[Collected data entries]
• • • • • • •

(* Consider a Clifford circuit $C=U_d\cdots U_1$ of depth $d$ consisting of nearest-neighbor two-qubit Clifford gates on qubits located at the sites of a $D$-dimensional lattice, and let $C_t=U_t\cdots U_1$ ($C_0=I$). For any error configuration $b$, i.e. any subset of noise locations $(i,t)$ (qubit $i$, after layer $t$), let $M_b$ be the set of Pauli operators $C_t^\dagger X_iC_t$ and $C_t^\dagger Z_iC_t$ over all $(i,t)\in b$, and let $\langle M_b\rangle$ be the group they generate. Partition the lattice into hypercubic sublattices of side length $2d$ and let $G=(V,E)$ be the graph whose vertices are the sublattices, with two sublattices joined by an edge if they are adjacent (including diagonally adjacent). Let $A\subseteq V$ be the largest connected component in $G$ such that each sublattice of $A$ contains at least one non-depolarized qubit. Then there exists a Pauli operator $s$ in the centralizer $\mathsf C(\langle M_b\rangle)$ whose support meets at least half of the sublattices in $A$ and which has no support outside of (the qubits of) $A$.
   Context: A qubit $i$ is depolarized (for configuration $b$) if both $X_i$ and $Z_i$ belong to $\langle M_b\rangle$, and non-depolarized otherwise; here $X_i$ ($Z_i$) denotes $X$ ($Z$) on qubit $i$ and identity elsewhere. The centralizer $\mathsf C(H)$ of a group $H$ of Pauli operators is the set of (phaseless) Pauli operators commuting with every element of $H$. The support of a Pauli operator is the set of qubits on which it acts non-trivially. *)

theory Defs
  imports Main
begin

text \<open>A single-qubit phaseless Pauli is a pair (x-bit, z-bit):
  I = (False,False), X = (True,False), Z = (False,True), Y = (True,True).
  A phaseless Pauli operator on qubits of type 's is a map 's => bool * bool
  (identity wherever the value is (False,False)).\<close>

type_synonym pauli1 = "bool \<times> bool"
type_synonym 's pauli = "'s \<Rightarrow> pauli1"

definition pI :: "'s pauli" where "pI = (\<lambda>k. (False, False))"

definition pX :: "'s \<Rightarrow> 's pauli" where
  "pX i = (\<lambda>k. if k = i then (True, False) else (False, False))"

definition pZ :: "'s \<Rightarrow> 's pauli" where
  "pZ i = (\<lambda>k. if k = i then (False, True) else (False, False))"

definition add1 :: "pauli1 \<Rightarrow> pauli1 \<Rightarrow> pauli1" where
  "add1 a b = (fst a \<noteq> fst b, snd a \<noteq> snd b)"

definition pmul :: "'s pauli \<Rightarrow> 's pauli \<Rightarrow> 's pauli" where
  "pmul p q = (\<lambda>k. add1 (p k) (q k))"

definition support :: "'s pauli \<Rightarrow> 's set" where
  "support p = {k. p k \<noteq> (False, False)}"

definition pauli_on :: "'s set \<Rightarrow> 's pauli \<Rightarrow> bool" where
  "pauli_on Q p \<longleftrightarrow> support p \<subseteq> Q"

• • • • • • •

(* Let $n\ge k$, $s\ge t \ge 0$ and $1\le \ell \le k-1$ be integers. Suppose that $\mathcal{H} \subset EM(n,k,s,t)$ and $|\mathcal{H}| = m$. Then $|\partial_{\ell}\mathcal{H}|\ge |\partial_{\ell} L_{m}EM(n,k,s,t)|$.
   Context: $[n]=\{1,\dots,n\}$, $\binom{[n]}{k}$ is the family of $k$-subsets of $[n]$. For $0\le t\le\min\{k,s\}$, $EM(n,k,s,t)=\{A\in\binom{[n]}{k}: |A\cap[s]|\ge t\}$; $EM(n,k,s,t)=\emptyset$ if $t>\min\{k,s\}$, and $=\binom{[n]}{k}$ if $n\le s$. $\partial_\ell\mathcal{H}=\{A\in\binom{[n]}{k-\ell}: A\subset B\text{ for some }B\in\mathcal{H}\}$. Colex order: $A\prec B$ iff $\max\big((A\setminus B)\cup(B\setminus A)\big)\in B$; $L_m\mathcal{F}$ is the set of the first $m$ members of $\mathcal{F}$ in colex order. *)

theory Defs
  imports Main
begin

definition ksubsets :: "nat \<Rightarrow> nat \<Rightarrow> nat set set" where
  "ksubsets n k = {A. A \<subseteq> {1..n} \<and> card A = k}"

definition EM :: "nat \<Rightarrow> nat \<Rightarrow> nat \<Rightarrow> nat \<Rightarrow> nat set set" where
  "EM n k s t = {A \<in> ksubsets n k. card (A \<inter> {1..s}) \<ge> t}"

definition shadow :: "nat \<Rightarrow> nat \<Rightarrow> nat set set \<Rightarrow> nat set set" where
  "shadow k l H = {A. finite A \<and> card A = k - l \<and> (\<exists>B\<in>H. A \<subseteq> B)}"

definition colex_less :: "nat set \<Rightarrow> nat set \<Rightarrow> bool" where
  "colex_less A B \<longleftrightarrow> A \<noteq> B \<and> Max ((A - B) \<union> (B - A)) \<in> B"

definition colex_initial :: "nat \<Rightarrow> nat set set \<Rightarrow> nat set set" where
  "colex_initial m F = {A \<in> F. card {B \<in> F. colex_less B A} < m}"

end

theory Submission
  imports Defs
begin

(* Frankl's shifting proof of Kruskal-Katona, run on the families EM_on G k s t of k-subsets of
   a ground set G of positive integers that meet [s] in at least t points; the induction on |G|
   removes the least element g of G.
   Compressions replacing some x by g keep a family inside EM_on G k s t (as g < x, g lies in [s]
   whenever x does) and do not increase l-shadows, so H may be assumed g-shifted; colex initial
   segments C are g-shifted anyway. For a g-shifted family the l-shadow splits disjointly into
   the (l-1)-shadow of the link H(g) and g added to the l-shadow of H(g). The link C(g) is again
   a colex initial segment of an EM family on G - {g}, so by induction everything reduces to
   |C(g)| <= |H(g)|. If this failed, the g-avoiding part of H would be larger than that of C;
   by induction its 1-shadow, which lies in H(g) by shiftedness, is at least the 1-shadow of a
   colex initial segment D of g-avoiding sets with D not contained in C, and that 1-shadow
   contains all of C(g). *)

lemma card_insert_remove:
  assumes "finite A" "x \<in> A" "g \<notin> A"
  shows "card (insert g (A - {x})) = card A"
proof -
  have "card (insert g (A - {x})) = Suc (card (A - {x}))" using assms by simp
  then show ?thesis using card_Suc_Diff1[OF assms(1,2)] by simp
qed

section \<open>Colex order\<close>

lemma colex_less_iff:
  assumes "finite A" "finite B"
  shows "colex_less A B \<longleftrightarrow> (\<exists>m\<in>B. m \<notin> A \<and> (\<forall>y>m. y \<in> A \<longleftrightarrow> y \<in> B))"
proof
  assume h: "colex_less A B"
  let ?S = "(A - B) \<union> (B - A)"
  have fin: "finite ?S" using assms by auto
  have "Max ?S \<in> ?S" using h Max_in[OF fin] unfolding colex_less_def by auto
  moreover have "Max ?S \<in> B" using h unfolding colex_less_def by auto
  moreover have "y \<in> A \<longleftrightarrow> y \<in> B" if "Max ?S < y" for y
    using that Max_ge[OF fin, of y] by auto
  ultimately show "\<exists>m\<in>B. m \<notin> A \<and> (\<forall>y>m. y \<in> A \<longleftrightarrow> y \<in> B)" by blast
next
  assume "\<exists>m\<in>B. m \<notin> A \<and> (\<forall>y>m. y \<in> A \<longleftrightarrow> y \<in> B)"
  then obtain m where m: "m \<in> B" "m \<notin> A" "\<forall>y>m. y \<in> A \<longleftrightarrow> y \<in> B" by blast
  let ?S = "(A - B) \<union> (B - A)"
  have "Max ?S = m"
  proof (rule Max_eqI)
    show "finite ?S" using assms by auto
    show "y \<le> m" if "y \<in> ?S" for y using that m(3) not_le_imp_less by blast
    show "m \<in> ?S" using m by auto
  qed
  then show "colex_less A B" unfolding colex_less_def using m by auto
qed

• • • • • • •

* Your task *
Only the lines above from the line with "finite A \<and>" to the line with "whenever x does)", those two lines included, should be reproduced exactly.

* The answer *
  "shadow k l H = {A. finite A \<and> card A = k - l \<and> (\<exists>B\<in>H. A \<subseteq> B)}"

definition colex_less :: "nat set \<Rightarrow> nat set \<Rightarrow> bool" where
  "colex_less A B \<longleftrightarrow> A \<noteq> B \<and> Max ((A - B) \<union> (B - A)) \<in> B"

definition colex_initial :: "nat \<Rightarrow> nat set set \<Rightarrow> nat set set" where
  "colex_initial m F = {A \<in> F. card {B \<in> F. colex_less B A} < m}"

end

theory Submission
  imports Defs
begin

(* Frankl's shifting proof of Kruskal-Katona, run on the families EM_on G k s t of k-subsets of
   a ground set G of positive integers that meet [s] in at least t points; the induction on |G|
   removes the least element g of G.
   Compressions replacing some x by g keep a family inside EM_on G k s t (as g < x, g lies in [s]
   whenever x does) and do not increase l-shadows, so H may be assumed g-shifted; colex initial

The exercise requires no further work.